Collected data
▬▬▬

lemma (in ideal) ring_iso_FactRing_imp_surj_hom:
  assumes A: "ring A" and \<phi>: "\<phi> \<in> ring_iso A (R Quot I)"
  shows "\<exists>\<Phi> \<in> ring_hom R A. \<Phi> ` carrier R = carrier A \<and> a_kernel R A \<Phi> = I
           \<and> (\<forall>x \<in> carrier R. \<phi> (\<Phi> x) = I +> x)"
proof -
  define \<Phi> where "\<Phi> = inv_into (carrier A) \<phi> \<circ> (+>) I"
  have inv: "inv_into (carrier A) \<phi> \<in> ring_iso (R Quot I) A" by (rule ring_iso_set_sym[OF A \<phi>])
  have \<phi>_bij: "bij_betw \<phi> (carrier A) (carrier (R Quot I))" using \<phi> by (simp add: ring_iso_def)
  have rcos_onto: "(+>) I ` carrier R = carrier (R Quot I)" by (auto simp: FactRing_def A_RCOSETS_def')
  have hom: "\<Phi> \<in> ring_hom R A"
    unfolding \<Phi>_def by (rule ring_hom_trans[OF rcos_ring_hom]) (use inv in \<open>simp add: ring_iso_def\<close>)
  have onto: "\<Phi> ` carrier R = carrier A"
    unfolding \<Phi>_def image_comp[symmetric] rcos_onto using bij_betw_inv_into[OF \<phi>_bij]
    by (simp add: bij_betw_def)
  have \<phi>_\<Phi>: "\<phi> (\<Phi> x) = I +> x" if "x \<in> carrier R" for x
  proof -
    have "I +> x \<in> \<phi> ` carrier A" using that rcos_onto \<phi>_bij by (force simp: bij_betw_def)
    then show ?thesis unfolding \<Phi>_def by (simp add: f_inv_into_f)
  qed
  have "\<Phi> x = \<zero>\<^bsub>A\<^esub> \<longleftrightarrow> x \<in> I" if x: "x \<in> carrier R" for x
  proof -
    have "\<phi> \<zero>\<^bsub>A\<^esub> = I"
      using ring_hom_zero[OF _ A quotient_is_ring] \<phi> by (simp add: ring_iso_def FactRing_def)
    then have "\<Phi> x = \<zero>\<^bsub>A\<^esub> \<longleftrightarrow> I +> x = I"
      using \<phi>_\<Phi>[OF x] \<phi>_bij ring_hom_closed[OF hom x] ring.ring_simprules(2)[OF A]
      by (metis bij_betw_def inj_on_def)
    also have "\<dots> \<longleftrightarrow> x \<in> I" using a_rcos_const a_rcos_self[OF x] by auto
    finally show ?thesis .
  qed
  then have "a_kernel R A \<Phi> = I" using Icarr by (auto simp: a_kernel_def')
  with hom onto \<phi>_\<Phi> show ?thesis by blast
qed

lemma presentation_of_surj_image:
  assumes F: "ring F" and Rel: "Rel \<subseteq> carrier F" and A: "ring A" and B: "ring B"
    and \<phi>: "\<phi> \<in> ring_iso A (F Quot genideal F Rel)"
    and noeth: "left_noetherian A \<or> right_noetherian A"
    and g: "g \<in> ring_hom A B" "g ` carrier A = carrier B"
  shows "\<exists>E \<psi>. finite E \<and> E \<subseteq> carrier F \<and> \<psi> \<in> ring_iso B (F Quot genideal F (Rel \<union> E)) \<and>
           (\<forall>x \<in> carrier A. \<forall>f \<in> carrier F. \<phi> x = genideal F Rel +>\<^bsub>F\<^esub> f
              \<longrightarrow> \<psi> (g x) = genideal F (Rel \<union> E) +>\<^bsub>F\<^esub> f)"
proof -
  interpret F: ring F by (rule F)
  interpret I: ideal "genideal F Rel" F by (rule F.genideal_ideal[OF Rel])
  obtain \<Phi> where \<Phi>: "\<Phi> \<in> ring_hom F A" "\<Phi> ` carrier F = carrier A"
      "a_kernel F A \<Phi> = genideal F Rel" "\<forall>f \<in> carrier F. \<phi> (\<Phi> f) = genideal F Rel +>\<^bsub>F\<^esub> f"
    using I.ring_iso_FactRing_imp_surj_hom[OF A \<phi>] by blast
  interpret \<Phi>: ring_hom_ring F A \<Phi> by (rule ring_hom_ringI2[OF F A \<Phi>(1)])
  interpret g\<Phi>: ring_hom_ring F B "g \<circ> \<Phi>" by (rule ring_hom_ringI2[OF F B ring_hom_trans[OF \<Phi>(1) g(1)]])
  let ?K = "a_kernel F B (g \<circ> \<Phi>)"
  have "g \<zero>\<^bsub>A\<^esub> = \<zero>\<^bsub>B\<^esub>" by (rule ring_hom_zero[OF g(1) A B])
  then have "a_kernel F A \<Phi> \<subseteq> ?K" unfolding a_kernel_def' by (simp add: subset_iff)
  then have "Rel \<subseteq> ?K" using \<Phi>(3) F.genideal_self[OF Rel] by blast
  then obtain E where E: "finite E" "E \<subseteq> ?K" "?K = genideal F (Rel \<union> E)"
    using F.ideal_finitely_generated_over[OF Rel g\<Phi>.kernel_is_ideal _
            \<Phi>.ideal_chain_above_kernel_stabilizes[OF \<Phi>(2) noeth, unfolded \<Phi>(3)]]
    by blast
  have "(g \<circ> \<Phi>) ` carrier F = carrier B" by (simp only: image_comp[symmetric] \<Phi>(2) g(2))
  then obtain \<psi> where \<psi>: "\<psi> \<in> ring_iso B (F Quot ?K)" "\<forall>f \<in> carrier F. \<psi> (g (\<Phi> f)) = ?K +>\<^bsub>F\<^esub> f"
    using g\<Phi>.ring_iso_FactRing_kernel by force
  have "\<psi> (g x) = ?K +>\<^bsub>F\<^esub> f"
    if "x \<in> carrier A" "f \<in> carrier F" "\<phi> x = genideal F Rel +>\<^bsub>F\<^esub> f" for x f
  proof -
    have "\<phi> (\<Phi> f) = \<phi> x" using \<Phi>(4) that by simp
    moreover have "inj_on \<phi> (carrier A)" using \<phi> by (simp add: ring_iso_def bij_betw_def)
    ultimately have "\<Phi> f = x" using that(1) \<Phi>.hom_closed[OF that(2)] by (simp add: inj_on_eq_iff)
    then show ?thesis using \<psi>(2) that(2) by blast
  qed
  moreover have "E \<subseteq> carrier F" using E(2) unfolding a_kernel_def' by blast
  ultimately show ?thesis using E(1) \<psi>(1) unfolding E(3) by blast
qed
definition atom :: "'b set \<Rightarrow> ('b set \<Rightarrow> real) \<Rightarrow> 'b set \<Rightarrow> bool" where
  "atom E f Y \<longleftrightarrow> fragment E f Y \<and> (\<forall>Z. fragment E f Z \<longrightarrow> card Y \<le> card Z)"

definition atoms :: "'b set \<Rightarrow> ('b set \<Rightarrow> real) \<Rightarrow> 'b set set" where
  "atoms E f = {Y. atom E f Y}"

definition core :: "'b set \<Rightarrow> ('b set \<Rightarrow> real) \<Rightarrow> 'b set" where
  "core E f = \<Union> (atoms E f)"

definition set_stabilizer :: "_ \<Rightarrow> ('a \<Rightarrow> 'b \<Rightarrow> 'b) \<Rightarrow> 'b set \<Rightarrow> 'a set" where
  "set_stabilizer G \<phi> Y = {g \<in> carrier G. \<phi> g ` Y = Y}"

end

theory Submission
  imports Defs
begin

text \<open>Submodularity makes the intersection of two fragments that meet a fragment again, so two
  atoms that meet coincide: both have the minimal cardinality among fragments. Invariance of \<open>f\<close>
  makes \<open>G\<close> permute the atoms, hence the core is \<open>G\<close>-stable, and an element of \<open>G\<close> that moves one
  point of an atom \<open>Y\<^sub>0\<close> into \<open>Y\<^sub>0\<close> fixes \<open>Y\<^sub>0\<close> setwise. The description of an orbit inside \<open>Y\<^sub>0\<close>
  is then the orbit--stabilizer correspondence restricted to the setwise stabilizer of \<open>Y\<^sub>0\<close>; for a
  transitive action the translates of a single atom already cover everything.\<close>

lemma mem_atoms_iff [simp]: "A \<in> atoms E f \<longleftrightarrow> atom E f A"
  by (simp add: atoms_def)

lemma atom_nefin: "atom E f A \<Longrightarrow> A \<in> nefin E"
  by (simp add: atom_def fragment_def)

lemma fragment_Int:
  assumes sub: "submodular_on E f" and A: "fragment E f A" and B: "fragment E f B"
    and meet: "A \<inter> B \<noteq> {}"
  shows "fragment E f (A \<inter> B)"
proof -
  have A_min: "\<forall>Z\<in>nefin E. f A \<le> f Z" and B_min: "\<forall>Z\<in>nefin E. f B \<le> f Z"
    using A B by (simp_all add: fragment_def)
  have AB: "A \<in> nefin E" "B \<in> nefin E"
    using A B by (simp_all add: fragment_def)
  then have Int: "A \<inter> B \<in> nefin E" and Un: "A \<union> B \<in> nefin E"
    using meet by (auto simp: nefin_def)
  have "f (A \<inter> B) + f (A \<union> B) \<le> f A + f B"
    using sub AB by (simp add: submodular_on_def nefin_def)
  moreover have "f B \<le> f A" "f A \<le> f (A \<union> B)"
    using A_min B_min AB Un by auto
  ultimately have "f (A \<inter> B) \<le> f A"
    by linarith
  with A_min Int show ?thesis
    by (force simp: fragment_def)
qed

lemma atoms_eq_or_disjoint:
  assumes sub: "submodular_on E f" and A: "atom E f A" and B: "atom E f B"
  shows "A = B \<or> A \<inter> B = {}"
proof (rule disjCI)
  assume "A \<inter> B \<noteq> {}"
  then have "fragment E f (A \<inter> B)"
    using fragment_Int[OF sub] A B by (simp add: atom_def)
  then have "card A \<le> card (A \<inter> B)" "card B \<le> card (A \<inter> B)"
    using A B by (simp_all add: atom_def)
  moreover have "finite A" "finite B"
    using atom_nefin[OF A] atom_nefin[OF B] by (simp_all add: nefin_def)
  ultimately have "A \<inter> B = A" "A \<inter> B = B"
    by (metis Int_lower1 Int_lower2 card_seteq)+
  then show "A = B"
    by simp
qed

lemma atom_exists:
  assumes "min_exists E f"
  shows "\<exists>A. atom E f A"
proof -
  obtain Y where "fragment E f Y"
    using assms by (auto simp: min_exists_def fragment_def)
  then show ?thesis
    using ex_has_least_nat[of "fragment E f" Y card] by (auto simp: atom_def)
qed

lemma core_subset: "core E f \<subseteq> E"
  by (auto simp: core_def atom_def fragment_def nefin_def)

lemma ex1_atom_if_mem_core:
  assumes "submodular_on E f" and "x \<in> core E f"
  shows "\<exists>!A. A \<in> atoms E f \<and> x \<in> A"
  using assms atoms_eq_or_disjoint[OF assms(1)] unfolding core_def by auto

▬▬▬

◆ **EXERCISE**
Would you please copy all lines in the data that contain the word "symmetric"?

◆ **RESPONSE**
    unfolding \<Phi>_def image_comp[symmetric] rcos_onto using bij_betw_inv_into[OF \<phi>_bij]
  have "(g \<circ> \<Phi>) ` carrier F = carrier B" by (simp only: image_comp[symmetric] \<Phi>(2) g(2))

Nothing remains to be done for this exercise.